▶ **The problem**
The first line of the entries below, the line containing "< m \<Longrightarrow>", and every line between them should be repeated exactly, and nothing else.

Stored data
....
lemma right_subspace_diff: "right_subspace V \<Longrightarrow> x \<in> V \<Longrightarrow> y \<in> V \<Longrightarrow> x - y \<in> V"
  by (simp add: right_subspace_def subspace_diff)

lemma right_subspace_lincomb:
  assumes "right_subspace V" "\<And>i. i < m \<Longrightarrow> P i \<in> V"
  shows "lincomb P m a \<in> V"
  unfolding lincomb_def using assms
  by (auto intro!: subspace_sum right_subspace_subspace right_subspace_rscale)

lemma nondegenerate_on_UNIV:
  assumes "invertible H"
  shows "nondegenerate_on H UNIV"
  unfolding nondegenerate_on_def
proof (intro ballI impI)
  fix y assume "\<forall>x\<in>UNIV. hform H x y = 0"
  then have "hform H (matrix_inv H *v y) y = 0"
    by blast
  then show "y = 0"
    by (simp add: hform_def matrix_vector_mul_assoc matrix_inv_cancel[OF assms])
qed

lemma nondegenerate_on_kernel:
  assumes "cstar H = H" "nondegenerate_on H V" "x \<in> V" "H *v x = 0"
  shows "x = 0"
proof -
  have "hform H y x = 0" for y
    using qcnj_hform[OF assms(1), of x y] assms(4) by (simp add: hform_def qinner_def)
  then show ?thesis
    using assms(2,3) by (simp add: nondegenerate_on_def)
qed

lemma horth_eq_Re:
  assumes "right_subspace V"
  shows "horth H V = {y. \<forall>x\<in>V. Re (hform H x y) = 0}"
proof (intro set_eqI iffI)
  fix y assume y: "y \<in> {y. \<forall>x\<in>V. Re (hform H x y) = 0}"
  have "hform H x y = 0" if "x \<in> V" for x
  proof (rule quat_eq_by_Re_mult)
    fix c
    show "Re (hform H x y * c) = Re (0 * c)"
      using y right_subspace_rscale[OF assms that, of c] by (simp add: hform_rscale_left[symmetric])
  qed
  then show "y \<in> horth H V"
    by (simp add: horth_def)
qed (simp add: horth_def)

text \<open>Over the reals, \<open>horth H V\<close> is the orthogonal complement of \<open>H V\<close>, whose dimension is that of
  \<open>V\<close>; so \<open>V\<close> and \<open>horth H V\<close> are complementary because they meet only in \<open>0\<close>.\<close>

lemma horth_decomposition:
  fixes H :: "quat^'n^'n"
  assumes H: "cstar H = H" and V: "right_subspace V" "nondegenerate_on H V"
  shows "\<exists>z\<in>V. w - z \<in> horth H V"
proof -
  let ?HV = "(\<lambda>x. H *v x) ` V"
  let ?W = "horth H V"
  have sV: "subspace V"
    using V(1) by (rule right_subspace_subspace)
  have W: "{y \<in> UNIV. \<forall>a\<in>?HV. orthogonal a y} = ?W"
    unfolding horth_eq_Re[OF V(1)] by (auto simp: orthogonal_def inner_eq_Re_qinner hform_def)
  have "subspace ?HV"
    by (rule linear_subspace_image[OF matrix_vector_mul_linear sV])
  then have "dim ?W + dim ?HV = dim (UNIV :: (quat^'n) set)"
    unfolding W[symmetric] by (rule dim_subspace_orthogonal_to_vectors[OF _ subspace_UNIV]) simp
  moreover have "dim ?HV = dim V"
  proof (rule dim_image_eq[OF matrix_vector_mul_linear])
    show "inj_on (\<lambda>x. H *v x) (span V)"
      unfolding span_eq_iff[THEN iffD2, OF sV] inj_on_def
      using nondegenerate_on_kernel[OF H V(2)] sV
      by (metis matrix_vector_mult_diff_distrib right_subspace_diff[OF V(1)] eq_iff_diff_eq_0)
  qed
  moreover have sW: "subspace ?W"
    unfolding subspace_def horth_def by (auto simp: hform_add_right scaleR_eq_rscale hform_rscale_right)
  moreover have "V \<inter> ?W = {0}"
    using V(2) sV by (auto simp: nondegenerate_on_def horth_def subspace_0)
  moreover have "dim {x + y |x y. x \<in> V \<and> y \<in> ?W} + dim (V \<inter> ?W) = dim V + dim ?W"
    by (rule dim_sums_Int[OF sV sW])
  ultimately have "dim {x + y |x y. x \<in> V \<and> y \<in> ?W} = DIM(quat^'n)"
    by (simp add: dim_UNIV)
  then have "span {x + y |x y. x \<in> V \<and> y \<in> ?W} = UNIV"
    by (rule dim_eq_full[THEN iffD1])
  then have "w \<in> {x + y |x y. x \<in> V \<and> y \<in> ?W}"
    using span_eq_iff[THEN iffD2, OF subspace_sums[OF sV sW]] by simp
  then show ?thesis
    by force
qed

lemma subspace_functional_eq_inner:
  fixes f :: "'a::euclidean_space \<Rightarrow> real"
  assumes S: "subspace S"
    and add: "\<And>x y. x \<in> S \<Longrightarrow> y \<in> S \<Longrightarrow> f (x + y) = f x + f y"
    and scale: "\<And>r x. x \<in> S \<Longrightarrow> f (r *\<^sub>R x) = r * f x"
  shows "\<exists>u. \<forall>x\<in>S. f x = inner x u"
proof -
  obtain B where B: "B \<subseteq> S" "independent B" "S \<subseteq> span B"
    using basis_exists[of S] by metis
  obtain g where g: "linear g" "\<forall>x\<in>B. g x = f x"
    using linear_independent_extend[OF B(2), of f] by blast
  have "x \<in> S \<and> g x = f x" if "x \<in> span B" for x
    using that
  proof (induction rule: span_induct_alt)
    case base
    show ?case
      using scale[of 0 0] S by (simp add: subspace_0 linear_0[OF g(1)])
  next
    case (step c x y)
    then have "x \<in> S"
      using B(1) by blast
    then show ?case
      using step g S
      by (simp add: subspace_add subspace_scale add scale linear_add[OF g(1)] linear_scale[OF g(1)])
  qed
  moreover have "g x = inner x (adjoint g 1)" for x
    using adjoint_works[OF g(1), of x 1] by simp
  ultimately show ?thesis
    using B(3) by (metis subsetD)
qed
(* Let $\mu\in\mathbb{R}$, $\sigma>0$, $\mathbb{L}>0$, $\varepsilon>0$, $c=\frac{\sigma^2+1}{\sigma^2}$, and let $n\in\mathbb{N}\cup\{0\}$ with $n<\frac{2\pi^2}{\mathbb{L}^2\varepsilon^2c}$. For either choice of sign $\pm$ the following hold. If $\sigma^2\neq1$, $$\sum_{k=1}^\infty\left|\int_\mathbb{R}\psi_n(x)e^{-\frac{(x-\mu)^2}{2\sigma^2}\pm i\frac{2\pi}{\mathbb{L}}k\frac x\varepsilon}\,\mathrm{d}x\right|\le C(n,\sigma^2)e^{-\frac{2\pi^2}{\mathbb{L}^2\varepsilon^2c}}\Bigg[\left(2^{n/2}n^{n/2}\left|\frac2c-1\right|^{n/2}+2^{n-1}\left(\frac{|\mu|}{c\sigma^2}\right)^n\right)\left(1+\frac{\mathbb{L}^2\varepsilon^2c}{4\pi^2}\right)+2^{n-1}\left(\frac{2\pi}{\mathbb{L}\varepsilon c}\right)^n\left(1+\frac12e^{n-1}\right)\Bigg],$$ where $C(n,\sigma^2)=\frac{\pi^{1/4}4^n\left(1+\frac n2\right)e^{-\frac{\mu^2}{2\sigma^2}+\frac{\mu^2}{2c\sigma^4}}}{\sqrt{c\cdot2^{n-1}n!}}$. If $\sigma^2=1$, $$\sum_{k=1}^\infty\left|\int_\mathbb{R}\psi_n(x)e^{-\frac{(x-\mu)^2}{2\sigma^2}\pm i\frac{2\pi}{\mathbb{L}}k\frac x\varepsilon}\,\mathrm{d}x\right|\le\frac{\pi^{1/4}2^{n-1}e^{-\frac{\mu^2}{4}}}{\sqrt{2^nn!}}e^{-\frac{\pi^2}{\mathbb{L}^2\varepsilon^2}}\left(|\mu|^n\left(1+\frac{\mathbb{L}^2\varepsilon^2}{2\pi^2}\right)+\left(\frac{2\pi}{\mathbb{L}\varepsilon}\right)^n\left(1+\frac12e^{n-1}\right)\right).$$
   Context: $H_n$ is the $n$-th physicist's Hermite polynomial and $\psi_n(x)=\frac{1}{\sqrt{\sqrt\pi\,2^n n!}}e^{-x^2/2}H_n(x)$ are the Hermite functions. The convention $0^0:=1$ is used. *)

theory Defs
  imports "HOL-Analysis.Analysis"
begin
lemma A_beta_norm_log_gamma2_bounds:
  assumes "\<beta> \<le> 1" and "A_beta \<beta> f"
  shows "cmod (log_gamma2 f) \<le> 1 / (3 - 2 * \<beta>) - cmod (log_gamma1 f)^2"
    and "(5 - 6 * \<beta> + 2 * \<beta>^2) * cmod (log_gamma1 f)^2 - 1 \<le> (3 - 2 * \<beta>) * cmod (log_gamma2 f)"
proof -
  obtain p where carp: "caratheodory_fun p"
    and coeffs: "\<And>n. taylor_coeff p n = of_real (1 + real n * (1 - \<beta>)) * taylor_coeff f (Suc n)"
    using A_beta_imp_caratheodory[OF assms(2)] by blast
  define D where "D = taylor_coeff p 2 - taylor_coeff p 1 ^ 2 / 2"
  define x where "x = cmod (log_gamma1 f)"
  define y where "y = cmod (log_gamma2 f)"
  have T_pos: "3 - 2 * \<beta> > 0" using assms(1) by simp
  have "cmod (taylor_coeff p 1) ^ 2 / 2 = 2 * (2 - \<beta>)^2 * x^2"
    unfolding log_gammas_eq_of_coeffs(1)[OF coeffs] norm_mult norm_of_real x_def
    by (simp add: power_mult_distrib power2_eq_square field_simps)
  then have D_le: "cmod D \<le> 2 - 2 * (2 - \<beta>)^2 * x^2"
    using caratheodory_coeff_ineq[OF carp] unfolding D_def by linarith
  have key: "of_real (2 * (3 - 2 * \<beta>)) * log_gamma2 f = D + of_real (2 * (1 - \<beta>)^2) * log_gamma1 f ^ 2"
    unfolding D_def by (rule log_gammas_eq_of_coeffs(2)[OF coeffs])
  have norm_lhs: "cmod (of_real (2 * (3 - 2 * \<beta>)) * log_gamma2 f) = 2 * (3 - 2 * \<beta>) * y"
    using T_pos unfolding norm_mult norm_of_real y_def by simp
  have norm_rhs: "cmod (of_real (2 * (1 - \<beta>)^2) * log_gamma1 f ^ 2) = 2 * (1 - \<beta>)^2 * x^2"
    unfolding norm_mult norm_of_real norm_power x_def by simp
  have "2 * (3 - 2 * \<beta>) * y \<le> cmod D + 2 * (1 - \<beta>)^2 * x^2"
    using norm_triangle_ineq[of D "of_real (2 * (1 - \<beta>)^2) * log_gamma1 f ^ 2"]
    unfolding key[symmetric] norm_lhs norm_rhs .
  moreover have "2 * (2 - \<beta>)^2 * x^2 - 2 * (1 - \<beta>)^2 * x^2 = 2 * (3 - 2 * \<beta>) * x^2"
    by (simp add: power2_eq_square algebra_simps)
  ultimately have "(3 - 2 * \<beta>) * y \<le> 1 - (3 - 2 * \<beta>) * x^2"
    using D_le by linarith
  then show "y \<le> 1 / (3 - 2 * \<beta>) - x^2"
    using T_pos by (simp add: field_simps)
  have "cmod (of_real (2 * (1 - \<beta>)^2) * log_gamma1 f ^ 2) - cmod D
      \<le> cmod (D + of_real (2 * (1 - \<beta>)^2) * log_gamma1 f ^ 2)"
    using norm_diff_ineq[of "of_real (2 * (1 - \<beta>)^2) * log_gamma1 f ^ 2" D] by (simp add: add.commute)
  then have "2 * (1 - \<beta>)^2 * x^2 - cmod D \<le> 2 * (3 - 2 * \<beta>) * y"
    unfolding key[symmetric] norm_lhs norm_rhs .
  moreover have "2 * (2 - \<beta>)^2 * x^2 + 2 * (1 - \<beta>)^2 * x^2 = 2 * (5 - 6 * \<beta> + 2 * \<beta>^2) * x^2"
    by (simp add: power2_eq_square algebra_simps)
  ultimately show "(5 - 6 * \<beta> + 2 * \<beta>^2) * x^2 - 1 \<le> (3 - 2 * \<beta>) * y"
    using D_le by linarith
qed

lemma A_beta_with_log_gammas_exists:
  fixes \<beta> t :: real
  assumes "\<beta> \<le> 1" and "t^2 \<le> 1"
  obtains f where "A_beta \<beta> f" "log_gamma1 f = of_real (t / (2 - \<beta>))"
    "log_gamma2 f = of_real ((t^2 - 1 + (1 - \<beta>)^2 * t^2 / (2 - \<beta>)^2) / (3 - 2 * \<beta>))"
proof -
  obtain p where carp: "caratheodory_fun p"
    and c1: "taylor_coeff p 1 = of_real (2 * t)" and c2: "taylor_coeff p 2 = of_real (4 * t^2 - 2)"
    using caratheodory_fun_with_real_coeffs_exists[OF assms(2)] by blast
  obtain f where A: "A_beta \<beta> f"
    and coeffs: "\<And>n. taylor_coeff p n = of_real (1 + real n * (1 - \<beta>)) * taylor_coeff f (Suc n)"
    using caratheodory_imp_A_beta[OF assms(1) carp] by blast
  define B where "B = 2 - \<beta>"
  define T where "T = 3 - 2 * \<beta>"
  have B_pos: "B > 0" and T_pos: "T > 0"
    using assms(1) by (simp_all add: B_def T_def)
  have "2 * t = 2 * B * (t / B)"
    using B_pos by simp
  then have "of_real (2 * B) * log_gamma1 f = of_real (2 * B) * of_real (t / B)"
    using log_gammas_eq_of_coeffs(1)[OF coeffs] unfolding c1 B_def by (metis of_real_mult)
  then have g1: "log_gamma1 f = of_real (t / B)"
    using B_pos by (simp only: mult_cancel_left of_real_eq_0_iff) auto
  have "of_real (2 * T) * log_gamma2 f
      = of_real ((4 * t^2 - 2) - (2 * t)^2 / 2 + 2 * (1 - \<beta>)^2 * (t / B)^2)"
    using log_gammas_eq_of_coeffs(2)[OF coeffs] unfolding c1 c2 g1 T_def by simp
  also have "(4 * t^2 - 2) - (2 * t)^2 / 2 + 2 * (1 - \<beta>)^2 * (t / B)^2
      = 2 * T * ((t^2 - 1 + (1 - \<beta>)^2 * t^2 / B^2) / T)"
    using B_pos T_pos by (simp add: power_divide field_simps)
  finally have "of_real (2 * T) * log_gamma2 f
      = of_real (2 * T) * of_real ((t^2 - 1 + (1 - \<beta>)^2 * t^2 / B^2) / T)"
    by (metis of_real_mult)
  then have "log_gamma2 f = of_real ((t^2 - 1 + (1 - \<beta>)^2 * t^2 / B^2) / T)"
    using T_pos by (simp only: mult_cancel_left of_real_eq_0_iff) auto
  with A g1 show ?thesis
    using that by (simp add: B_def T_def)
qed

lemma A_beta_attains_upper_bound:
  assumes "\<beta> \<le> 1"
  shows "\<exists>f. A_beta \<beta> f \<and> cmod (log_gamma2 f) - cmod (log_gamma1 f) = 1 / (3 - 2 * \<beta>)"
proof -
  obtain f where A: "A_beta \<beta> f" and g1: "log_gamma1 f = 0"
    and g2: "log_gamma2 f = of_real (- 1 / (3 - 2 * \<beta>))"
    using A_beta_with_log_gammas_exists[OF assms, of 0] by auto
  have "cmod (log_gamma2 f) = 1 / (3 - 2 * \<beta>)"
    unfolding g2 norm_of_real using assms by simp
  then show ?thesis
    using A g1 by auto
qed

lemma A_beta_attains_lower_bound:
  assumes "\<beta> \<le> 1"
  shows "\<exists>f. A_beta \<beta> f \<and>
           cmod (log_gamma2 f) - cmod (log_gamma1 f) = - 1 / sqrt (5 - 6 * \<beta> + 2 * \<beta>^2)"
proof -
  define s where "s = 5 - 6 * \<beta> + 2 * \<beta>^2"
  have s_eq: "s = (2 - \<beta>)^2 + (1 - \<beta>)^2"
    by (simp add: s_def power2_eq_square algebra_simps)
  have s_pos: "s > 0" and B_pos: "2 - \<beta> > 0"
    using assms by (auto simp: s_eq add_pos_nonneg)
  define t where "t = (2 - \<beta>) / sqrt s"
  have t2: "t^2 = (2 - \<beta>)^2 / s"
    using s_pos by (simp add: t_def power_divide)
  then have "t^2 \<le> 1"
    using s_pos by (simp add: s_eq)
  then obtain f where A: "A_beta \<beta> f" and g1: "log_gamma1 f = of_real (t / (2 - \<beta>))"
    and g2: "log_gamma2 f = of_real ((t^2 - 1 + (1 - \<beta>)^2 * t^2 / (2 - \<beta>)^2) / (3 - 2 * \<beta>))"
    using A_beta_with_log_gammas_exists[OF assms] by blast
  have "t^2 - 1 + (1 - \<beta>)^2 * t^2 / (2 - \<beta>)^2 = ((2 - \<beta>)^2 + (1 - \<beta>)^2) / s - 1"
    using s_pos B_pos by (simp add: t2 field_simps)
  also have "\<dots> = 0"
    using s_pos by (simp add: s_eq[symmetric])
  finally have "log_gamma2 f = 0"
    by (simp add: g2)
  moreover have "log_gamma1 f = of_real (1 / sqrt s)"
    using B_pos by (simp add: g1 t_def)
  ultimately show ?thesis
    using A s_pos by (intro exI[of _ f]) (simp add: s_def norm_divide)
qed

lemma neg_inverse_le_diff:
  fixes r T x y :: real
  assumes "0 < r" "T \<le> 2 * r" "0 \<le> y" "(r * x)^2 - 1 \<le> T * y"
  shows "- 1 / r \<le> y - x"
proof -
  have "T * y \<le> 2 * r * y" using assms(2,3) by (rule mult_right_mono)
  moreover have "0 \<le> (r * x - 1)^2" by simp
  ultimately have "r * x - 1 \<le> r * y"
    using assms(4) by (simp add: power2_eq_square algebra_simps)
  then show ?thesis using assms(1) by (simp add: field_simps)
qed

lemma sqrt_beta_quadratic_pos: "0 < sqrt (5 - 6 * \<beta> + 2 * (\<beta>::real)^2)"
proof -
  have "0 < (2 - \<beta>)^2 + (1 - \<beta>)^2"
    by (cases "\<beta> = 2") (simp_all add: add_pos_nonneg)
  then show ?thesis
    by (simp add: power2_eq_square algebra_simps)
qed

lemma three_minus_twice_le_twice_sqrt: "3 - 2 * \<beta> \<le> 2 * sqrt (5 - 6 * \<beta> + 2 * (\<beta>::real)^2)"
proof -
  have "((3 - 2 * \<beta>) / 2)^2 \<le> 5 - 6 * \<beta> + 2 * \<beta>^2"
    using zero_le_power2[of "3 - 2 * \<beta>"] by (simp add: power2_eq_square field_simps)
  then show ?thesis
    using real_le_rsqrt by fastforce
qed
....
▶ **Written reply**
lemma right_subspace_diff: "right_subspace V \<Longrightarrow> x \<in> V \<Longrightarrow> y \<in> V \<Longrightarrow> x - y \<in> V"
  by (simp add: right_subspace_def subspace_diff)

lemma right_subspace_lincomb:
  assumes "right_subspace V" "\<And>i. i < m \<Longrightarrow> P i \<in> V"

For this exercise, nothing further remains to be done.